__WHAT TO DO__
Filter the records, keeping every line that has the string "intro".

__DATA FOR THE TASK__
(* Suppose Assumptions (A1) and (A2) below hold and $\omega_0\sim\pi_\eta$. Then for all sufficiently small $\gamma>0$ there is a constant $C$ such that $$\mathbb{E}\exp\{\gamma|\omega_k|^2\}\le C\quad\text{for every }k\ge0.$$
   Context: Let $\psi:\mathbb{R}^d\times\mathbb{R}^r\to\mathbb{R}$ be differentiable in its first argument, $\zeta\sim\nu$ on $\mathbb{R}^r$, $P(\omega)=\mathbb{E}\psi(\omega,\zeta)$, $\nabla P=\mathbb{E}\nabla\psi(\cdot,\zeta)$. The SGLD chain with step size $\eta>0$ (small) and inverse temperature parameter $\delta>0$ is $\omega_k=\omega_{k-1}-\eta\nabla\psi(\omega_{k-1},\zeta_k)+\sqrt{\eta\delta}\,\xi_k$, with $(\xi_k)$ i.i.d. $N(0,I_d)$, $(\zeta_k)$ i.i.d. with law $\nu$, all independent of each other and of $\omega_0$; $\pi_\eta$ is its invariant probability measure. Assumption (A1): there exist $L,K_1>0$, $K_2\ge0$ with $|\nabla\psi(x,z)-\nabla\psi(y,z)|\le L|x-y|$ and $\langle x-y,-\nabla\psi(x,z)+\nabla\psi(y,z)\rangle\le-K_1|x-y|^2+K_2$ for all $x,y,z$. Assumption (A2): for every $x$, $\nabla\psi(x,\zeta)$ is sub-Gaussian, i.e. $\mathbb{E}\exp\{K_\zeta|\nabla\psi(x,\zeta)|^2\}\le C$ for some $K_\zeta,C>0$. *)

theory Defs
  imports "HOL-Probability.Probability"
begin

definition std_gauss :: "'a::euclidean_space measure" where
  "std_gauss = density lborel
     (\<lambda>x. ennreal ((2 * pi) powr (- real DIM('a) / 2) * exp (- (norm x)\<^sup>2 / 2)))"

definition sgld_kernel ::
  "('a::euclidean_space \<Rightarrow> 'c::euclidean_space \<Rightarrow> 'a) \<Rightarrow> 'c measure \<Rightarrow> real \<Rightarrow> real \<Rightarrow> 'a \<Rightarrow> 'a measure" where
  "sgld_kernel g \<nu> \<eta> \<delta> x =
     distr (\<nu> \<Otimes>\<^sub>M std_gauss) borel
       (\<lambda>(z, e). x - \<eta> *\<^sub>R g x z + sqrt (\<eta> * \<delta>) *\<^sub>R e)"

text \<open>Law of omega_k when omega_0 has law mu0.\<close>
fun sgld_law ::
  "('a::euclidean_space \<Rightarrow> 'c::euclidean_space \<Rightarrow> 'a) \<Rightarrow> 'c measure \<Rightarrow> real \<Rightarrow> real \<Rightarrow> 'a measure \<Rightarrow> nat \<Rightarrow> 'a measure" where
  "sgld_law g \<nu> \<eta> \<delta> \<mu>0 0 = \<mu>0"
| "sgld_law g \<nu> \<eta> \<delta> \<mu>0 (Suc k) = sgld_law g \<nu> \<eta> \<delta> \<mu>0 k \<bind> sgld_kernel g \<nu> \<eta> \<delta>"

end

theory Submission
  imports Defs "HOL-Probability.Distributions"
begin

(* By dissipativity (A1), one SGLD step from x satisfies, for eta small,
     |x - eta g(x,z) + sqrt(eta delta) e|^2
       <= (1 - eta K1/2) |x|^2 + c0 + c1 |g(0,z)|^2 + c2 |e|^2.
   Exponentiating with a small gamma and integrating against the sub-Gaussian law of g(0,zeta)
   (A2) and the Gaussian law of e gives the Lyapunov drift
     P exp(gamma |.|^2) (x) <= D exp(gamma (1 - eta K1/2) |x|^2) <= exp(gamma |x|^2)/2 + B.
   Integrating the drift against an invariant law pi (after truncating, so that no infinite
   quantity has to be cancelled) bounds pi(exp(gamma |.|^2)) by 2B, and omega_k has law pi
   for every k. *)

lemma nn_integral_exp_neg_sq_lborel:
  fixes a :: real
  assumes "a > 0"
  shows "(\<integral>\<^sup>+t. ennreal (exp (- a * t\<^sup>2)) \<partial>lborel) = ennreal (sqrt (pi / a))"
proof -
  define \<sigma> where "\<sigma> = sqrt (1 / (2 * a))"
  have density: "normal_density 0 \<sigma> t = sqrt (a / pi) * exp (- a * t\<^sup>2)" for t
    using assms by (simp add: normal_density_def \<sigma>_def field_simps real_sqrt_divide)
  have "(\<integral>\<^sup>+t. ennreal (normal_density 0 \<sigma> t) \<partial>lborel) = 1"
    using assms by (subst nn_integral_eq_integral) (auto simp: \<sigma>_def)
  then have "ennreal (sqrt (a / pi)) * (\<integral>\<^sup>+t. ennreal (exp (- a * t\<^sup>2)) \<partial>lborel) = 1"
    using assms by (simp add: density ennreal_mult' nn_integral_cmult)
  moreover have "ennreal (sqrt (pi / a)) * ennreal (sqrt (a / pi)) = 1"
    using assms by (simp add: ennreal_mult[symmetric] real_sqrt_mult[symmetric])
  ultimately show ?thesis
    by (metis mult.assoc mult_1 mult_1_right)
qed

lemma nn_integral_exp_neg_norm_sq_lborel:
  fixes a :: real
  assumes "a > 0"
  shows "(\<integral>\<^sup>+x. ennreal (exp (- a * (norm x)\<^sup>2)) \<partial>(lborel :: 'a::euclidean_space measure))
           = ennreal (sqrt (pi / a) ^ DIM('a))"
proof -
  have "ennreal (exp (- a * (norm x)\<^sup>2)) = (\<Prod>b\<in>Basis. ennreal (exp (- a * (x \<bullet> b)\<^sup>2)))"
    for x :: 'a
  proof -
    have "(norm x)\<^sup>2 = (\<Sum>b\<in>Basis. (x \<bullet> b)\<^sup>2)"
      unfolding power2_norm_eq_inner by (subst euclidean_inner) (simp add: power2_eq_square)
    then show ?thesis
      by (simp add: sum_distrib_left exp_sum prod_ennreal)
  qed
  then have "(\<integral>\<^sup>+x. ennreal (exp (- a * (norm x)\<^sup>2)) \<partial>(lborel :: 'a measure))
      = (\<integral>\<^sup>+x. (\<Prod>b\<in>Basis. ennreal (exp (- a * (x \<bullet> b)\<^sup>2))) \<partial>(lborel :: 'a measure))"
    by simp
  also have "\<dots> = (\<Prod>b\<in>(Basis :: 'a set). \<integral>\<^sup>+t. ennreal (exp (- a * t\<^sup>2)) \<partial>lborel)"
    by (subst nn_integral_lborel_prod) auto
  also have "\<dots> = ennreal (sqrt (pi / a) ^ DIM('a))"
    using assms nn_integral_exp_neg_sq_lborel[OF assms] by (simp add: ennreal_power)
  finally show ?thesis .
qed

lemma nn_integral_std_gauss_exp_norm_sq:
  fixes c :: real
  assumes "c < 1/2"
  shows "(\<integral>\<^sup>+x. ennreal (exp (c * (norm x)\<^sup>2)) \<partial>(std_gauss :: 'a::euclidean_space measure))
           = ennreal ((2 * pi) powr (- real DIM('a) / 2) * sqrt (pi / (1/2 - c)) ^ DIM('a))"
proof -
  let ?k = "(2 * pi) powr (- real DIM('a) / 2)"
  have "(\<integral>\<^sup>+x. ennreal (exp (c * (norm x)\<^sup>2)) \<partial>(std_gauss :: 'a measure))
      = (\<integral>\<^sup>+x. ennreal ?k * ennreal (exp (- (1/2 - c) * (norm x)\<^sup>2)) \<partial>(lborel :: 'a measure))"
    unfolding std_gauss_def
    by (subst nn_integral_density)
       (auto intro!: nn_integral_cong simp: ennreal_mult'[symmetric] exp_add[symmetric] algebra_simps)
  also have "\<dots> = ennreal ?k * (\<integral>\<^sup>+x. ennreal (exp (- (1/2 - c) * (norm x)\<^sup>2)) \<partial>(lborel :: 'a measure))"
    by (rule nn_integral_cmult) simp
  also have "\<dots> = ennreal (?k * sqrt (pi / (1/2 - c)) ^ DIM('a))"
    using assms by (subst nn_integral_exp_neg_norm_sq_lborel) (auto simp: ennreal_mult')
  finally show ?thesis .
qed

lemma prob_space_std_gauss: "prob_space (std_gauss :: 'a::euclidean_space measure)"
proof
  have "sqrt (2 * pi) ^ DIM('a) = (2 * pi) powr (real DIM('a) / 2)"
    by (simp add: powr_half_sqrt[symmetric] powr_realpow[symmetric] powr_powr)
  then have "(2 * pi) powr (- real DIM('a) / 2) * sqrt (pi / (1/2 - 0)) ^ DIM('a) = 1"
    by (simp add: powr_add[symmetric] mult.commute)
  then show "emeasure (std_gauss :: 'a measure) (space std_gauss) = 1"
    using nn_integral_std_gauss_exp_norm_sq[of 0, where 'a='a] by simp
qed

lemma sets_pair_std_gauss:
  assumes "sets \<nu> = sets borel"
  shows "sets (\<nu> \<Otimes>\<^sub>M (std_gauss :: 'a::euclidean_space measure)) = sets (borel \<Otimes>\<^sub>M borel)"
  using assms by (intro sets_pair_measure_cong) (auto simp: std_gauss_def)

lemma measurable_sgld_step:
  fixes g :: "'a::euclidean_space \<Rightarrow> 'c::euclidean_space \<Rightarrow> 'a"
  assumes g_meas: "(\<lambda>p. g (fst p) (snd p)) \<in> borel_measurable borel"
    and nu: "sets \<nu> = sets borel"
  shows "(\<lambda>(x, z, e). x - \<eta> *\<^sub>R g x z + s *\<^sub>R e)
           \<in> borel \<Otimes>\<^sub>M (\<nu> \<Otimes>\<^sub>M (std_gauss :: 'a measure)) \<rightarrow>\<^sub>M borel"
proof -
  have [measurable]: "(\<lambda>(x, z). g x z) \<in> borel_measurable (borel \<Otimes>\<^sub>M borel)"
    using g_meas by (simp add: borel_prod case_prod_beta')
  have "(\<lambda>(x, z, e). x - \<eta> *\<^sub>R g x z + s *\<^sub>R e)
      \<in> (borel :: 'a measure) \<Otimes>\<^sub>M ((borel :: 'c measure) \<Otimes>\<^sub>M (borel :: 'a measure)) \<rightarrow>\<^sub>M borel"
    by measurable
  then show ?thesis
    by (subst measurable_cong_sets[OF sets_pair_measure_cong[OF refl sets_pair_std_gauss[OF nu]] refl])
qed

lemma
  fixes g :: "'a::euclidean_space \<Rightarrow> 'c::euclidean_space \<Rightarrow> 'a"
  assumes g_meas: "(\<lambda>p. g (fst p) (snd p)) \<in> borel_measurable borel"
    and nu: "prob_space \<nu>" "sets \<nu> = sets borel"
  shows measurable_sgld_kernel: "sgld_kernel g \<nu> \<eta> \<delta> \<in> borel \<rightarrow>\<^sub>M subprob_algebra borel"
    and prob_space_sgld_kernel: "prob_space (sgld_kernel g \<nu> \<eta> \<delta> x)"
proof -
  interpret prob_space "\<nu> \<Otimes>\<^sub>M (std_gauss :: 'a measure)"
    by (intro prob_space_pair nu prob_space_std_gauss)
  note step = measurable_sgld_step[OF g_meas nu(2), of \<eta> "sqrt (\<eta> * \<delta>)"]
  show "sgld_kernel g \<nu> \<eta> \<delta> \<in> borel \<rightarrow>\<^sub>M subprob_algebra borel"
    unfolding sgld_kernel_def
    by (rule measurable_distr2[OF step]) (rule measurable_const[OF M_in_subprob])
  show "prob_space (sgld_kernel g \<nu> \<eta> \<delta> x)"
    unfolding sgld_kernel_def by (rule prob_space_distr) (use step in measurable)
qed

lemma nn_integral_sgld_kernel:
  fixes g :: "'a::euclidean_space \<Rightarrow> 'c::euclidean_space \<Rightarrow> 'a"
  assumes g_meas: "(\<lambda>p. g (fst p) (snd p)) \<in> borel_measurable borel"
    and nu: "sets \<nu> = sets borel"
    and f[measurable]: "f \<in> borel_measurable borel"
  shows "(\<integral>\<^sup>+y. f y \<partial>sgld_kernel g \<nu> \<eta> \<delta> x)
           = (\<integral>\<^sup>+z. \<integral>\<^sup>+e. f (x - \<eta> *\<^sub>R g x z + sqrt (\<eta> * \<delta>) *\<^sub>R e) \<partial>std_gauss \<partial>\<nu>)"
proof -
  interpret std_gauss: prob_space "std_gauss :: 'a measure"
    by (rule prob_space_std_gauss)
  define F where "F = (\<lambda>(z, e). x - \<eta> *\<^sub>R g x z + sqrt (\<eta> * \<delta>) *\<^sub>R e)"
  have [measurable]: "F \<in> \<nu> \<Otimes>\<^sub>M (std_gauss :: 'a measure) \<rightarrow>\<^sub>M borel"
    using measurable_Pair2[OF measurable_sgld_step[OF g_meas nu], of x]
    by (simp add: F_def case_prod_beta')
  have "(\<integral>\<^sup>+y. f y \<partial>sgld_kernel g \<nu> \<eta> \<delta> x) = (\<integral>\<^sup>+p. f (F p) \<partial>(\<nu> \<Otimes>\<^sub>M std_gauss))"
    unfolding sgld_kernel_def F_def[symmetric] by (simp add: nn_integral_distr)
  also have "\<dots> = (\<integral>\<^sup>+z. \<integral>\<^sup>+e. f (F (z, e)) \<partial>std_gauss \<partial>\<nu>)"
    by (rule std_gauss.nn_integral_fst[symmetric]) measurable
  finally show ?thesis
    by (simp add: F_def)
qed

lemma power2_norm_add_le:
  fixes y e :: "'a::real_inner"
  assumes "\<epsilon> > 0"
  shows "(norm (y + e))\<^sup>2 \<le> (1 + \<epsilon>) * (norm y)\<^sup>2 + (1 + 1 / \<epsilon>) * (norm e)\<^sup>2"
proof -
  have "0 \<le> \<epsilon> * (norm y - norm e / \<epsilon>)\<^sup>2"
    using assms by simp
  also have "\<dots> = \<epsilon> * (norm y)\<^sup>2 + (norm e)\<^sup>2 / \<epsilon> - 2 * (norm y * norm e)"
    using assms by (simp add: power2_eq_square field_simps)
  finally have "2 * (y \<bullet> e) \<le> \<epsilon> * (norm y)\<^sup>2 + (norm e)\<^sup>2 / \<epsilon>"
    using Cauchy_Schwarz_ineq2[of y e] by linarith
  moreover have "(norm (y + e))\<^sup>2 = (norm y)\<^sup>2 + 2 * (y \<bullet> e) + (norm e)\<^sup>2"
    unfolding power2_norm_eq_inner by (simp add: algebra_simps inner_commute)
  ultimately show ?thesis
    by (simp add: algebra_simps)
qed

__FINISHED EXERCISE__
       (auto intro!: nn_integral_cong simp: ennreal_mult'[symmetric] exp_add[symmetric] algebra_simps)
  using assms by (intro sets_pair_measure_cong) (auto simp: std_gauss_def)
    by (intro prob_space_pair nu prob_space_std_gauss)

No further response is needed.